- EXERCISE DETAILS:
Copy each line of the listing that includes "close".

- INPUT DATA:
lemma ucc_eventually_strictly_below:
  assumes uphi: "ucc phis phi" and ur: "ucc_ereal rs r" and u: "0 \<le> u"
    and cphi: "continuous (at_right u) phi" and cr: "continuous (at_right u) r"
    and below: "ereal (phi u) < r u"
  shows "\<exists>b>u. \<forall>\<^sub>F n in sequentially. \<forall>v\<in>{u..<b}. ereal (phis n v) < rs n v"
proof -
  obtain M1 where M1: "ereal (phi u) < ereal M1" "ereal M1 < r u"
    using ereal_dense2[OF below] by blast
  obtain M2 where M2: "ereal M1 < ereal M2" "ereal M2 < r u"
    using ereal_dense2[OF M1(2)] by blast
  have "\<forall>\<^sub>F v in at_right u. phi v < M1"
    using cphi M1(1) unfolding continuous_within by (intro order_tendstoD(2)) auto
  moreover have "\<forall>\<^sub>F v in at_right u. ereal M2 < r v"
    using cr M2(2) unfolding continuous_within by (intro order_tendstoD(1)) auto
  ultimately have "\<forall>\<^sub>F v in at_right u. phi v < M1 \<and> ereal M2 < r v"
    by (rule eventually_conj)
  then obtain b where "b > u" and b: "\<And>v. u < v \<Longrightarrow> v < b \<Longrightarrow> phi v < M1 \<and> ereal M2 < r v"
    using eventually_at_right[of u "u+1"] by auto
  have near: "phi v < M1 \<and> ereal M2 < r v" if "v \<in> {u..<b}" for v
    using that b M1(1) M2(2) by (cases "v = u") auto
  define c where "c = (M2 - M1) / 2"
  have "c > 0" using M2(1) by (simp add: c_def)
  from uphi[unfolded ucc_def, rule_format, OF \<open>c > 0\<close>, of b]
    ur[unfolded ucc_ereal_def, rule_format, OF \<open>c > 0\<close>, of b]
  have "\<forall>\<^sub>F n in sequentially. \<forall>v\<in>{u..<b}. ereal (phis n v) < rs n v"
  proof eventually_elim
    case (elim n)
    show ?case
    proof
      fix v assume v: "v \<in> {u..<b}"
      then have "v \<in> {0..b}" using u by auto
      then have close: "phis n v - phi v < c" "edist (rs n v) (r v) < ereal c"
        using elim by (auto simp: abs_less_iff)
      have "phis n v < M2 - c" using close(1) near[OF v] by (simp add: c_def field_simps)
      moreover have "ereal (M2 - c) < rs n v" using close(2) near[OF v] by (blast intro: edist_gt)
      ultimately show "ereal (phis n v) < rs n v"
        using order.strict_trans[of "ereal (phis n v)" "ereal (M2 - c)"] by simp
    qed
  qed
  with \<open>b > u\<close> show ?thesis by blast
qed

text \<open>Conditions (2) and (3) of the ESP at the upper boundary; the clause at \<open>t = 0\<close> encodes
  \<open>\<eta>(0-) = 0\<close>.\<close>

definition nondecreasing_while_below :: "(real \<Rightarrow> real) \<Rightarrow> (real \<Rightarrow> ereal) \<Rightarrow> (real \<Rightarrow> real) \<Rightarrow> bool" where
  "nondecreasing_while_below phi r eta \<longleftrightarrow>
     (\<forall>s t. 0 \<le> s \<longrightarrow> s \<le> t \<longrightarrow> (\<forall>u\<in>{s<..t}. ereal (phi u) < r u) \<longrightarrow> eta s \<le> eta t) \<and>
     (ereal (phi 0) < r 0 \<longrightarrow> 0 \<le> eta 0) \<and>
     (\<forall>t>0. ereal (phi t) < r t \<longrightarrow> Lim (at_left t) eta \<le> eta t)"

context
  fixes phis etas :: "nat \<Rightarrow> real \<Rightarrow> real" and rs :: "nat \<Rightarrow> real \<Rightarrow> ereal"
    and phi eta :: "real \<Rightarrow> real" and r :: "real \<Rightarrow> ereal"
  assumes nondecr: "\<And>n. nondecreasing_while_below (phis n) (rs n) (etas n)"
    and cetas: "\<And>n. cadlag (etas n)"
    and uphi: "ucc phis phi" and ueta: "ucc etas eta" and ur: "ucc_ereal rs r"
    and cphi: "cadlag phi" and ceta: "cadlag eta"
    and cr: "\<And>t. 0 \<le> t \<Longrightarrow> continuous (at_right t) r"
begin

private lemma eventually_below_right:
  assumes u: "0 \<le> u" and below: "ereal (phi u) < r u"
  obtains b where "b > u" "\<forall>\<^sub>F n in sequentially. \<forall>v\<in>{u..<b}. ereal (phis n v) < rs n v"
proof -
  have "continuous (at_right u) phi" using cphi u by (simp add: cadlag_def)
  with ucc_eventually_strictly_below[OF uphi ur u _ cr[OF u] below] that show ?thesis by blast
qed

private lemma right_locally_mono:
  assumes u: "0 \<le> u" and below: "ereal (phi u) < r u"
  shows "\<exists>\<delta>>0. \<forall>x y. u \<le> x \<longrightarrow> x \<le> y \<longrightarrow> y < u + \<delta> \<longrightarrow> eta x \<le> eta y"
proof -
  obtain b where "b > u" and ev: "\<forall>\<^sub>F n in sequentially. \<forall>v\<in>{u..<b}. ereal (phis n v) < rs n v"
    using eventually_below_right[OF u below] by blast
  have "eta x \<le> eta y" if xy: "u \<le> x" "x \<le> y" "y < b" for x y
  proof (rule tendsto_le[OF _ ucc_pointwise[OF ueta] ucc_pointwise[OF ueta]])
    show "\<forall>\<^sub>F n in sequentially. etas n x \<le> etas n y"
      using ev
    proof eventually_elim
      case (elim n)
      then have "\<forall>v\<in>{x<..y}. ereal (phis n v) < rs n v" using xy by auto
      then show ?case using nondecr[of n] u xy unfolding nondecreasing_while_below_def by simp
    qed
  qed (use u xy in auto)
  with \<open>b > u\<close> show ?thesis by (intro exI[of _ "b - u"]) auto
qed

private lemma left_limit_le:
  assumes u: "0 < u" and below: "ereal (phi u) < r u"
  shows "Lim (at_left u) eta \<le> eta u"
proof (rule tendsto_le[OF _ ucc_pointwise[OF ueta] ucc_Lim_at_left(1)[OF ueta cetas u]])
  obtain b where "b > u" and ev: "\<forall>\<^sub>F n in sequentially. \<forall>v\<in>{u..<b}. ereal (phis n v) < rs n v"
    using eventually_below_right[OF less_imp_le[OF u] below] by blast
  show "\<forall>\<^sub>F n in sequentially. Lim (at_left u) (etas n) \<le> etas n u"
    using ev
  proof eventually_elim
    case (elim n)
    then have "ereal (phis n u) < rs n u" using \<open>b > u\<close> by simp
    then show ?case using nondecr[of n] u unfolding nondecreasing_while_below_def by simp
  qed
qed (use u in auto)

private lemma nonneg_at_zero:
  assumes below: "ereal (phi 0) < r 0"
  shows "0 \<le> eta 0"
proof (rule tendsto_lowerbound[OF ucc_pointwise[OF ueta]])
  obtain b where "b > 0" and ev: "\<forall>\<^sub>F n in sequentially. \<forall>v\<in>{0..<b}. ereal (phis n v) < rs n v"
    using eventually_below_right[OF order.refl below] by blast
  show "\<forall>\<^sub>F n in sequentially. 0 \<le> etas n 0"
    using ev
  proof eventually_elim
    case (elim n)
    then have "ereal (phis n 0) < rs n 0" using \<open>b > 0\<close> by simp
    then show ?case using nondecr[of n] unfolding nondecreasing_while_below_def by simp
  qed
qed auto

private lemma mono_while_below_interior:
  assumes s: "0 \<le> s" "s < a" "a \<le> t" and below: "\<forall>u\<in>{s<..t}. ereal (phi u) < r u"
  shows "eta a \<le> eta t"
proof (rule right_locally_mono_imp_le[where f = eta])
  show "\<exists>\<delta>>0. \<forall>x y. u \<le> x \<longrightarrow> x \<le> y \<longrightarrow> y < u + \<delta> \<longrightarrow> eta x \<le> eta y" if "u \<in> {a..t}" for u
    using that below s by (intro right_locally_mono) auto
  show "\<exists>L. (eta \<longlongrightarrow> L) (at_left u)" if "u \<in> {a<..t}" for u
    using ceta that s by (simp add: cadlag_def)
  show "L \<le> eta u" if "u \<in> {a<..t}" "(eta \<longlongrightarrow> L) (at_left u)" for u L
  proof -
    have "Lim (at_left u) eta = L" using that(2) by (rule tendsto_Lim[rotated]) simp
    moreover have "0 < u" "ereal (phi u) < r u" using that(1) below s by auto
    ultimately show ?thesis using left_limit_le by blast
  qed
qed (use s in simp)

- ANSWER SECTION:
  from uphi[unfolded ucc_def, rule_format, OF \<open>c > 0\<close>, of b]
    ur[unfolded ucc_ereal_def, rule_format, OF \<open>c > 0\<close>, of b]
      then have close: "phis n v - phi v < c" "edist (rs n v) (r v) < ereal c"
      have "phis n v < M2 - c" using close(1) near[OF v] by (simp add: c_def field_simps)
      moreover have "ereal (M2 - c) < rs n v" using close(2) near[OF v] by (blast intro: edist_gt)
  with \<open>b > u\<close> show ?thesis by blast
text \<open>Conditions (2) and (3) of the ESP at the upper boundary; the clause at \<open>t = 0\<close> encodes
  \<open>\<eta>(0-) = 0\<close>.\<close>
  with \<open>b > u\<close> show ?thesis by (intro exI[of _ "b - u"]) auto
    then have "ereal (phis n u) < rs n u" using \<open>b > u\<close> by simp
    then have "ereal (phis n 0) < rs n 0" using \<open>b > 0\<close> by simp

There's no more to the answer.